1. Analysis of the data by basic plots
2. Fitting and comparing tumor growth models to the data in order to understand tumor growth laws
3. Using the model(s) to predict future tumor growth with only a limited number of initial data points

The data provided consists of measurements of tumor volumes from tumors implanted subcutaneously in the back of mice. The cells are from a murine lung cancer cell line (Lewis Lung Carcinoma).
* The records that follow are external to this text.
(* Let $1<p<\infty$ and $\alpha>0$. Then $$L^{p),\alpha}(\Omega)=\bigl(L^1(\Omega),L^p(\Omega)\bigr)_{1,\infty;-\frac{\alpha}{p}}$$ with equivalent norms, i.e. $\|f\|_{p),\alpha}\approx\sup_{0<t<1}t^{-1}(1-\log t)^{-\alpha/p}K(f,t;L^1,L^p)$ for all measurable $f$, with constants independent of $f$.
   Context: $\Omega\subset\mathbb R^n$ is a bounded open set with $|\Omega|=1$; $f_*$ is the decreasing rearrangement of $|f|$ on $(0,1)$; $\log$ is the natural logarithm. Grand Lebesgue space: $L^{p),\alpha}(\Omega)$ is the set of measurable $f$ with $\|f\|_{p),\alpha}=\sup_{0<t<1}(1-\log t)^{-\alpha/p}(\int_t^1 f_*^p)^{1/p}<\infty$. K-functional: $K(g,t;X_0,X_1)=\inf_{g=g_0+g_1}(\|g_0\|_{X_0}+t\|g_1\|_{X_1})$. For $\gamma\in\mathbb R$, $(X_0,X_1)_{1,\infty;\gamma}$ is the set of $g\in X_0+X_1$ with $\sup_{0<t<1}t^{-1}(1-\log t)^{\gamma}K(g,t;X_0,X_1)<\infty$, this supremum being the norm. *)

theory Defs
  imports "HOL-Analysis.Analysis"
begin

definition enn_powr :: "ennreal \<Rightarrow> real \<Rightarrow> ennreal" where
  "enn_powr x q = (if x = \<infinity> then \<infinity> else ennreal (enn2real x powr q))"

definition distfun :: "'a::euclidean_space set \<Rightarrow> ('a \<Rightarrow> real) \<Rightarrow> real \<Rightarrow> ennreal" where
  "distfun \<Omega> f lam = emeasure lebesgue {x\<in>\<Omega>. \<bar>f x\<bar> > lam}"

definition decr_rearr :: "'a::euclidean_space set \<Rightarrow> ('a \<Rightarrow> real) \<Rightarrow> real \<Rightarrow> real" where
  "decr_rearr \<Omega> f s = Inf {lam::real. 0 \<le> lam \<and> distfun \<Omega> f lam \<le> ennreal s}"

definition grand_norm :: "'a::euclidean_space set \<Rightarrow> real \<Rightarrow> real \<Rightarrow> ('a \<Rightarrow> real) \<Rightarrow> ennreal" where
  "grand_norm \<Omega> p \<alpha> f =
     (SUP t\<in>{0<..<1::real}. ennreal ((1 - ln t) powr (-\<alpha>/p)) *
        enn_powr (\<integral>\<^sup>+ s\<in>{t..1}. ennreal (decr_rearr \<Omega> f s powr p) \<partial>lborel) (1/p))"

definition Lq_norm :: "'a::euclidean_space set \<Rightarrow> real \<Rightarrow> ('a \<Rightarrow> real) \<Rightarrow> ennreal" where
  "Lq_norm \<Omega> q g = enn_powr (\<integral>\<^sup>+ x. ennreal (\<bar>g x\<bar> powr q) \<partial>(lebesgue_on \<Omega>)) (1/q)"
The volumes were computed from two one dimensional measures recorded using a caliper (the length $L$ and width $w$) and using the formula $V = \frac{1}{2}L\times w^2$. Volumes are given in mm$^3$ as a function of days following injection of the cells ($10^6$ cells $\simeq$ 1 mm$^3$ injected on day 0.

# 1. Data analysis¶

### Import modules¶

In [ ]:
% matplotlib inline

In [2]:
import numpy as np
import pandas as pd
import matplotlib.pyplot as plt


Load the data file data_table.xlsx as a pandas Dataframe and display it

In [10]:
df = pd.read_excel('data_table.xlsx')
df

Out[10]:
1 2 3 4 5 6 7 8 9 10
5 NaN 54.886377 NaN NaN 68.809022 NaN NaN NaN NaN NaN
6 NaN 59.408036 89.231295 55.348590 59.853289 46.502387 94.727972 NaN 18.567329 26.880016
7 50.021795 85.662278 157.351502 56.175814 58.988502 55.155193 126.094176 NaN 73.293694 NaN
11 309.519493 261.572775 221.698580 103.330909 179.664759 251.222209 333.136619 201.165288 126.820889 144.151300
12 324.895878 412.265650 327.492254 155.320341 309.787647 341.175444 538.680724 316.382967 222.661158 193.401925
13 450.842120 488.450738 461.437963 167.958671 470.571322 438.335387 669.929621 338.240373 244.726914 281.171233
14 572.450814 618.854795 641.444986 219.378690 480.930314 859.952765 762.527617 411.958788 333.629836 294.886207
15 664.336606 798.997212 746.868414 412.378378 488.777983 854.727952 923.717646 586.667016 367.475268 391.884141
18 1151.693754 1218.721058 1359.458389 584.192211 1021.721046 1143.279505 NaN 991.881984 805.778850 744.954870
19 1338.383299 1415.471856 1626.874371 762.074018 1278.530775 1645.406820 NaN 1219.899900 1030.034281 990.331786
20 1522.807849 1410.149208 2063.912472 880.325721 1377.381845 1950.482691 NaN 1833.096551 1272.818884 1085.314905
21 1897.073737 1524.126579 NaN 1040.074430 1538.922047 NaN NaN 2131.605693 1555.359077 1331.189667
22 NaN 1935.415344 NaN 1335.136464 1958.560253 NaN NaN NaN 1671.148523 1641.333918
24 NaN NaN NaN 1850.447333 NaN NaN NaN NaN NaN 1992.067465
25 NaN NaN NaN 2079.445167 NaN NaN NaN NaN NaN NaN

Get the time vector. It is in days

In [4]:
time = df.index
time

Out[4]:
Int64Index([5, 6, 7, 11, 12, 13, 14, 15, 18, 19, 20, 21, 22, 24, 25], dtype='int64')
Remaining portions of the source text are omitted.